Wer soziale Netzwerke benutzt, ist motorisch gestört. Das sehe ich jeden Tag anhand meiner Mitarbeiter.
— Armin Thurnher (@arminthurnher) 4. Oktober 2009
Money Boy
Ziemlich zur gleichen Zeit, als Money Boy die österreichische Musik-Szene mit „Dreh den Swag auf“ bereicherte, wurde auch sein Twitter-Account und eigentlich damit auch DER Money Boy geboren. Beachtlich schon damals die Anzahl der Retweets und Favs. Ist Money Boy nun eine auf Social-Media-Kanälen geschickt inszenierte Kunstfigur? Und das Timing dieses Tweets der Beweis dafür?

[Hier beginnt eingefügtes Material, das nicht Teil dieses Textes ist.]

(* Let $Y=\{(x,y)\in\mathbb{R}^2:(x/a)^2+y^2=1\}$ with $1<a\le\sqrt2$, and let $p\in Y$. The only local extrema of $d_p:Y\to\mathbb{R}$, $d_p(q)=d(p,q)$, are a global minimum at $p$ and a global maximum at $h^{-1}(p)$. Consequently, every nonempty intersection of $Y$ with a Euclidean ball centered at a point of $Y$ is either contractible or all of $Y$.
   Context: $d$ is the Euclidean metric on $\mathbb{R}^2$. $h:Y\to Y$ sends $p$ to the unique point of the intersection of the normal line to $Y$ at $p$ with $Y\setminus\{p\}$; for $1<a\le\sqrt2$ this map is a bijection, and $h^{-1}$ denotes its inverse. *)

theory Defs
  imports "HOL-Analysis.Analysis"
begin

text \<open>The ellipse Y = {(x,y). (x/a)^2 + y^2 = 1} in R^2 = real \<times> real
  (the product metric on real \<times> real is the Euclidean metric).\<close>
definition ellipse :: "real \<Rightarrow> (real \<times> real) set" where
  "ellipse a = {(x, y). (x / a)^2 + y^2 = 1}"

text \<open>Normal line to the ellipse at p = (x,y): direction is the gradient
  of (x/a)^2 + y^2, i.e. proportional to (x/a^2, y).\<close>
definition normal_line :: "real \<Rightarrow> real \<times> real \<Rightarrow> (real \<times> real) set" where
  "normal_line a p = {(fst p + t * (fst p / a^2), snd p + t * snd p) | t. True}"

definition ell_h :: "real \<Rightarrow> real \<times> real \<Rightarrow> real \<times> real" where
  "ell_h a p = (THE q. q \<in> ellipse a \<and> q \<noteq> p \<and> q \<in> normal_line a p)"

definition ell_hinv :: "real \<Rightarrow> real \<times> real \<Rightarrow> real \<times> real" where
  "ell_hinv a = inv_into (ellipse a) (ell_h a)"

definition local_min_on :: "'a::metric_space set \<Rightarrow> ('a \<Rightarrow> real) \<Rightarrow> 'a \<Rightarrow> bool" where
  "local_min_on S f q \<longleftrightarrow> q \<in> S \<and> (\<exists>e>0. \<forall>q'\<in>S. dist q' q < e \<longrightarrow> f q \<le> f q')"

definition local_max_on :: "'a::metric_space set \<Rightarrow> ('a \<Rightarrow> real) \<Rightarrow> 'a \<Rightarrow> bool" where
  "local_max_on S f q \<longleftrightarrow> q \<in> S \<and> (\<exists>e>0. \<forall>q'\<in>S. dist q' q < e \<longrightarrow> f q' \<le> f q)"

end

theory Submission
  imports Defs
begin

text \<open>
  Write p = (a cos u, sin u) and run through Y as Q v = (a cos (u + 2v), sin (u + 2v)),
  0 \<le> v < pi, so that Q 0 = p. The squared distance d(p, Q v)^2 has derivative
  4 sin v K(v) with K(v) = (a^2 + 1) cos v - (a^2 - 1) cos (2u + 3v) = chord_factor a u v,
  and the normal line at Q v passes through p exactly when sin v K(v) = 0.
  Since K(0) > 0 > K(pi) and, for a^2 \<le> 2 and apart from one explicit degenerate case,
  K has negative derivative at each of its zeros in (0, pi), it changes sign exactly once,
  at some z. Hence d_p increases on [0, z] and decreases on [z, pi]: its only local
  minimum is p and its only local maximum is Q z, the unique point whose normal passes
  through p, i.e. h^-1(p). A sublevel set of d_p is therefore all of Y or a connected arc
  missing Q z, and Y minus a point is homeomorphic to the real line.
\<close>

lemma negative_persists_through_down_crossings:
  fixes k k' :: "real \<Rightarrow> real"
  assumes der: "\<And>v. (k has_real_derivative k' v) (at v)"
    and down: "\<And>v. x < v \<Longrightarrow> v \<le> y \<Longrightarrow> k v = 0 \<Longrightarrow> k' v < 0"
    and "x \<le> y" and "k x < 0"
  shows "k y < 0"
proof (rule ccontr)
  assume "\<not> k y < 0"
  have cont: "continuous_on A k" for A
    using der by (meson DERIV_isCont continuous_at_imp_continuous_on)
  define N where "N = {t. x \<le> t \<and> t \<le> y \<and> 0 \<le> k t}"
  have "y \<in> N" using \<open>\<not> k y < 0\<close> \<open>x \<le> y\<close> by (simp add: N_def)
  moreover have "bdd_below N" unfolding N_def by (rule bdd_belowI[of _ x]) auto
  moreover have "closed N" unfolding N_def
    by (intro closed_Collect_conj closed_Collect_le cont continuous_intros)
  ultimately have "Inf N \<in> N" using closed_contains_Inf by blast
  define t0 where "t0 = Inf N"
  have t0: "x \<le> t0" "t0 \<le> y" "0 \<le> k t0" using \<open>Inf N \<in> N\<close> by (auto simp: N_def t0_def)
  have below: "k t < 0" if "x \<le> t" "t < t0" for t
  proof (rule ccontr)
    assume "\<not> k t < 0"
    with that t0 have "t \<in> N" by (simp add: N_def)
    then have "t0 \<le> t" unfolding t0_def using \<open>bdd_below N\<close> by (rule cInf_lower)
    with that show False by simp
  qed
  have "x < t0" using t0 \<open>k x < 0\<close> by (auto simp: less_eq_real_def)
  have "k t0 = 0"
  proof (rule ccontr)
    assume "k t0 \<noteq> 0"
    then obtain t1 where "x \<le> t1" "t1 \<le> t0" "k t1 = 0"
      using IVT'[of k x 0 t0] \<open>k x < 0\<close> \<open>x < t0\<close> t0 cont by force
    moreover have "t1 \<noteq> t0" using \<open>k t0 \<noteq> 0\<close> \<open>k t1 = 0\<close> by auto
    ultimately show False using below[of t1] by simp
  qed
  then have "k' t0 < 0" using down \<open>x < t0\<close> t0 by simp
  then obtain d where "d > 0" and d: "\<And>h. 0 < h \<Longrightarrow> h < d \<Longrightarrow> k t0 < k (t0 - h)"
    using DERIV_neg_dec_left[OF der] by metis
  have "0 < min d (t0 - x)" using \<open>d > 0\<close> \<open>x < t0\<close> by simp
  then obtain h where "0 < h" "h < min d (t0 - x)" using dense by blast
  then have "k t0 < k (t0 - h)" "k (t0 - h) < 0" using d[of h] below[of "t0 - h"] by simp_all
  with \<open>k t0 = 0\<close> show False by simp
qed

Yo, Money Boy ist auf Twitter. Burrr!!!
— ALLES IST DESIGNER (@YSLPlug) 9. August 2010
Niko Alm
Ein Tweet aus längst vergangenen Zeiten, in dem man noch schamlos einfach twittern konnte, was man derzeit machte, nicht machte, dachte und nicht dachte. 140 Zeichen, die zur uneingeschränkten und undurchdachten Informationsweitergabe zur Verfügung standen. Das war Twitter 2007.
eat. mmmmhm
— Niko Alm (@NikoAlm) 18. März 2007
Hanno Settele
Wer im Sommer die ORF-Doku „iMensch“ gesehen hat, konnte Hanno Settele als offenbar in digitalen Gefilden eher unerfahrenen Zeitgenossen erleben. Die Twitter-Karriere startete aber dennoch, wie es sich für einen anständigen österreichischen Journalisten gehört, im 2009er-Jahr mit einem „Chirp“. Über 7500 weitere Tweets sollten folgen.
Chirp
— Hanno Settele (@HannoSettele) 22. April 2009
Reinhold Mitterlehner
Wenn man etwas Positives über diesen ersten Tweet sagen kann, dann dass er zu 100% authentisch ist. Keine aalglatte PR-Abteilung hat hier ihre Finger im Spiel. Dieser Tweet wurde geboren, weil Reinhold Mitterlehner das so wollte. Ein Selfie. Vor irgendeiner schwindligen Karrikatur. Im Schummerlicht. Mit einer Handykamera. Ohne Text. Man wünscht Herrn Mitterlehner, dass er sich sein wildes, ungezähmtes Wesen für die Politik behält.